Prompt Optimization¶
PromptOptimizer¶
axion.caliber.PromptOptimizer ¶
PromptOptimizer(model_name: Optional[str] = None, llm: Optional[LLMRunnable] = None, llm_provider: Optional[str] = None, instruction: Optional[str] = None, max_examples: int = 10)
Optimizes evaluation prompts based on misalignment analysis.
This class leverages LLMHandler for structured output, automatic retries, and consistent LLM configuration with the rest of axion.
Example
from axion.caliber import PromptOptimizer
results = [ ... {'record_id': 'r1', 'human_score': 1, 'llm_score': 0, ... 'query': '...', 'actual_output': '...', 'llm_reasoning': '...'}, ... ] criteria = "Evaluate whether the response is accurate." system_prompt = "You are an evaluator..."
optimizer = PromptOptimizer(model_name='gpt-4o', llm_provider='openai') optimized = await optimizer.optimize(results, criteria, system_prompt)
print(f'Optimized criteria: {optimized.optimized_criteria}')
Initialize PromptOptimizer.
Parameters:
-
model_name(Optional[str], default:None) –Name of the LLM model (e.g., 'gpt-4o', 'claude-sonnet-4-20250514')
-
llm(Optional[LLMRunnable], default:None) –Pre-configured LLM instance
-
llm_provider(Optional[str], default:None) –LLM provider ('openai', 'anthropic')
-
instruction(Optional[str], default:None) –Custom instruction to override default optimization prompt
-
max_examples(int, default:10) –Max examples per category to include in optimization
optimize
async
¶
optimize(results: Union[List[Dict[str, Any]], List[Any]], current_criteria: str, system_prompt: str = '') -> OptimizedPrompt
Optimize evaluation criteria asynchronously.
Parameters:
-
results(Union[List[Dict[str, Any]], List[Any]]) –List of evaluation results with human_score, llm_score, etc.
-
current_criteria(str) –The current evaluation criteria to improve
-
system_prompt(str, default:'') –The current system prompt (optional)
Returns:
-
OptimizedPrompt–OptimizedPrompt with improved criteria and suggestions
OptimizedPrompt¶
axion.caliber.OptimizedPrompt
dataclass
¶
OptimizedPrompt(original_criteria: str, optimized_criteria: str, suggestions: List[PromptSuggestion], expected_improvement: str, metadata: Dict[str, Any] = dict())
Complete result from prompt optimization.
PromptSuggestion¶
axion.caliber.PromptSuggestion
dataclass
¶
A single suggestion for prompt improvement.
Renderers¶
CaliberRenderer¶
axion.caliber.CaliberRenderer ¶
Bases: ABC
Abstract renderer interface for CaliberHQ.
Implementations provide UI rendering for different environments: - NotebookCaliberRenderer: Jupyter notebooks with rich styling - ConsoleCaliberRenderer: Terminal/CLI output - JsonCaliberRenderer: JSON-only (for web APIs)
render_record
abstractmethod
¶
Render a single record for annotation.
Parameters:
-
record(UploadedRecord) –The record to display
-
annotation(Optional[Annotation], default:None) –Existing annotation if any
render_annotation_progress
abstractmethod
¶
Render annotation progress.
Parameters:
-
state(AnnotationState) –Current annotation state
render_evaluation_result
abstractmethod
¶
Render evaluation results.
Parameters:
-
result(EvaluationResult) –Evaluation result to display
render_misalignment_analysis
abstractmethod
¶
Render misalignment analysis.
Parameters:
-
analysis('MisalignmentAnalysis') –Analysis result to display
NotebookCaliberRenderer¶
axion.caliber.NotebookCaliberRenderer ¶
Bases: CaliberRenderer
Notebook-specific renderer for CaliberHQ.
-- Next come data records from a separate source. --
lemma psd_spectral_pinv:
  fixes A :: "real^'n^'n"
  assumes "psd A"
  obtains U d where "orthogonal_matrix U" "A = orth_diag U d" "\<And>i. 0 \<le> d i"
    "pinv A = orth_diag U (\<lambda>i. inverse (d i))"
  using psd_spectral[OF assms] pinv_orth_diag by metis

lemma psd_pinv: "psd A \<Longrightarrow> psd (pinv A)"
  by (metis psd_spectral_pinv psd_orth_diag inverse_nonnegative_iff_nonnegative)

lemma psd_pinv_commute: "psd A \<Longrightarrow> A ** pinv A = pinv A ** A"
  by (elim psd_spectral_pinv) (simp add: orth_diag_mult mult.commute)

lemma psd_mult_pinv_mult:
  assumes "psd A"
  shows "A ** pinv A ** A = A" "pinv A ** A ** pinv A = pinv A"
proof -
  obtain U d where U: "orthogonal_matrix U" "A = orth_diag U d"
    "pinv A = orth_diag U (\<lambda>i. inverse (d i))"
    using psd_spectral_pinv[OF assms] by metis
  show "A ** pinv A ** A = A" "pinv A ** A ** pinv A = pinv A"
    unfolding U(3) by (simp_all add: U(2) orth_diag_mult[OF U(1)] mult_inverse_mult_cancel)
qed

lemma psd_mult_pinv_symmetric:
  assumes "psd A"
  shows "transpose (A ** pinv A) = A ** pinv A"
  using psd_pinv_commute[OF assms] psd_transpose[OF assms] psd_transpose[OF psd_pinv[OF assms]]
  by (simp add: matrix_transpose_mul)

lemma psd_pinv_projection_laws:
  assumes "psd A"
  shows "pinv A ** A = A ** pinv A" "A ** pinv A ** A = A" "A ** (A ** pinv A) = A"
    "pinv A ** (A ** pinv A) = pinv A" "A ** pinv A ** pinv A = pinv A"
    "A ** pinv A ** (A ** pinv A) = A ** pinv A"
  using psd_pinv_commute[OF assms] psd_mult_pinv_mult[OF assms]
  by (simp_all add: matrix_mul_assoc) (metis matrix_mul_assoc)+

lemma psd_spectral_sqrt:
  fixes A :: "real^'n^'n"
  assumes "psd A"
  obtains U d where "orthogonal_matrix U" "A = orth_diag U d" "\<And>i. 0 \<le> d i"
    "psd_sqrt A = orth_diag U (\<lambda>i. sqrt (d i))" "pinv A = orth_diag U (\<lambda>i. inverse (d i))"
  using psd_spectral_pinv[OF assms] psd_sqrt_orth_diag by metis

lemma psd_psd_sqrt: "psd A \<Longrightarrow> psd (psd_sqrt A)"
  by (elim psd_spectral_sqrt) (simp add: psd_orth_diag)

lemma psd_sqrt_square: "psd A \<Longrightarrow> psd_sqrt A ** psd_sqrt A = A"
  by (elim psd_spectral_sqrt) (simp add: orth_diag_mult)

lemma pinv_psd_sqrt_square: "psd A \<Longrightarrow> pinv (psd_sqrt A) ** pinv (psd_sqrt A) = pinv A"
  by (elim psd_spectral_sqrt) (simp add: pinv_orth_diag orth_diag_mult flip: inverse_mult_distrib)

lemma psd_sqrt_mult_pinv:
  assumes "psd A"
  shows "psd_sqrt A ** pinv (psd_sqrt A) = A ** pinv A"
proof -
  obtain U d where U: "orthogonal_matrix U" "A = orth_diag U d"
    "psd_sqrt A = orth_diag U (\<lambda>i. sqrt (d i))" "pinv A = orth_diag U (\<lambda>i. inverse (d i))"
    using psd_spectral_sqrt[OF assms] by metis
  have "sqrt (d i) * inverse (sqrt (d i)) = d i * inverse (d i)" for i by (cases "d i = 0") auto
  then show ?thesis
    unfolding U(3,4) pinv_orth_diag[OF U(1)] by (simp add: U(2) orth_diag_mult[OF U(1)])
qed

lemma col_space_psd_sqrt:
  assumes "psd A"
  shows "col_space (psd_sqrt A) = col_space A"
proof -
  define R where "R = psd_sqrt A"
  have "R = A ** pinv A ** R"
    using psd_mult_pinv_mult[OF psd_psd_sqrt[OF assms]] psd_sqrt_mult_pinv[OF assms] by (simp add: R_def)
  then have "R *v x = A *v (pinv A *v (R *v x))" for x by (metis matrix_vector_mul_assoc)
  moreover have "A *v x = R *v (R *v x)" for x
    using psd_sqrt_square[OF assms] by (simp add: R_def matrix_vector_mul_assoc)
  ultimately show ?thesis unfolding col_space_def R_def[symmetric] by blast
qed

text \<open>Range inclusion \<open>Im C \<subseteq> Im A\<close>, phrased dually as \<open>ker A \<subseteq> ker C\<^sup>T\<close>.\<close>

lemma psd_pinv_absorb:
  fixes A :: "real^'n^'n" and C :: "real^'m^'n"
  assumes A: "psd A" and ker: "\<And>w. A *v w = 0 \<Longrightarrow> transpose C *v w = 0"
  shows "A ** pinv A ** C = C"
  unfolding matrix_eq
proof
  fix x
  define P where "P = A ** pinv A"
  have P: "transpose P = P" "P ** P = P" "A ** P = A"
    unfolding P_def using psd_mult_pinv_symmetric[OF A] psd_mult_pinv_mult(1)[OF A] psd_pinv_commute[OF A]
    by (simp_all add: matrix_mul_assoc) (metis matrix_mul_assoc)
  define v where "v = C *v x"
  define w where "w = v - P *v v"
  have "A *v w = 0" unfolding w_def using P(3)
    by (simp add: matrix_vector_mult_diff_distrib matrix_vector_mul_assoc)
  then have "w \<bullet> v = 0" using ker unfolding v_def by (simp add: inner_matrix_transpose)
  moreover have "w \<bullet> (P *v v) = 0" unfolding w_def using P(1,2)
    by (simp add: inner_symmetric_matrix[symmetric] matrix_vector_mult_diff_distrib matrix_vector_mul_assoc)
  ultimately have "w \<bullet> w = 0" by (simp add: w_def inner_diff_right)
  then show "(A ** pinv A ** C) *v x = C *v x"
    unfolding P_def[symmetric] by (simp add: w_def v_def matrix_vector_mul_assoc[symmetric])
qed

lemma psd_pinv_projection_eq:
  fixes A C :: "real^'n^'n"
  assumes A: "psd A" and C: "psd C" and ker: "\<And>w. A *v w = 0 \<longleftrightarrow> C *v w = 0"
  shows "A ** pinv A = C ** pinv C"
proof -
  have AC: "A ** pinv A ** C = C" using ker psd_transpose[OF C] by (intro psd_pinv_absorb[OF A]) auto
  have CA: "C ** pinv C ** A = A" using ker psd_transpose[OF A] by (intro psd_pinv_absorb[OF C]) auto
  have "A ** pinv A = transpose (C ** pinv C ** (A ** pinv A))"
    using CA psd_mult_pinv_symmetric[OF A] by (simp add: matrix_mul_assoc)
  also have "\<dots> = A ** pinv A ** (C ** pinv C)"
    using psd_mult_pinv_symmetric[OF A] psd_mult_pinv_symmetric[OF C] by (simp add: matrix_transpose_mul)
  also have "\<dots> = C ** pinv C" using AC by (simp add: matrix_mul_assoc)
  finally show ?thesis .
qed

lemma psd_congruence_pinv_absorb:
  fixes M :: "real^'n^'n" and B :: "real^'m^'n"
  assumes "psd M"
  defines "Y \<equiv> transpose B ** M ** B"
  shows "Y ** pinv Y ** (transpose B ** M) = transpose B ** M"
proof (rule psd_pinv_absorb)
  show "psd Y" unfolding Y_def using assms(1) by (rule psd_congruence)
  fix w assume "Y *v w = 0"
  then have "(B *v w) \<bullet> (M *v (B *v w)) = 0"
    by (metis Y_def quadratic_congruence inner_zero_right)
  then have "M *v (B *v w) = 0" by (rule psd_quadratic_eq_0_imp[OF assms(1)])
  then show "transpose (transpose B ** M) *v w = 0"
    using psd_transpose[OF assms(1)] by (simp add: matrix_transpose_mul matrix_vector_mul_assoc)
qed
Provides rich HTML and styled pandas output for Jupyter notebooks.
ConsoleCaliberRenderer¶
axion.caliber.ConsoleCaliberRenderer ¶
Bases: CaliberRenderer
Console/terminal renderer for CaliberHQ.
Provides text-based output suitable for CLI environments.
JsonCaliberRenderer¶
axion.caliber.JsonCaliberRenderer ¶
Bases: CaliberRenderer
JSON-first renderer for CaliberHQ.
Provides no-op rendering for API environments where data is consumed as JSON rather than displayed.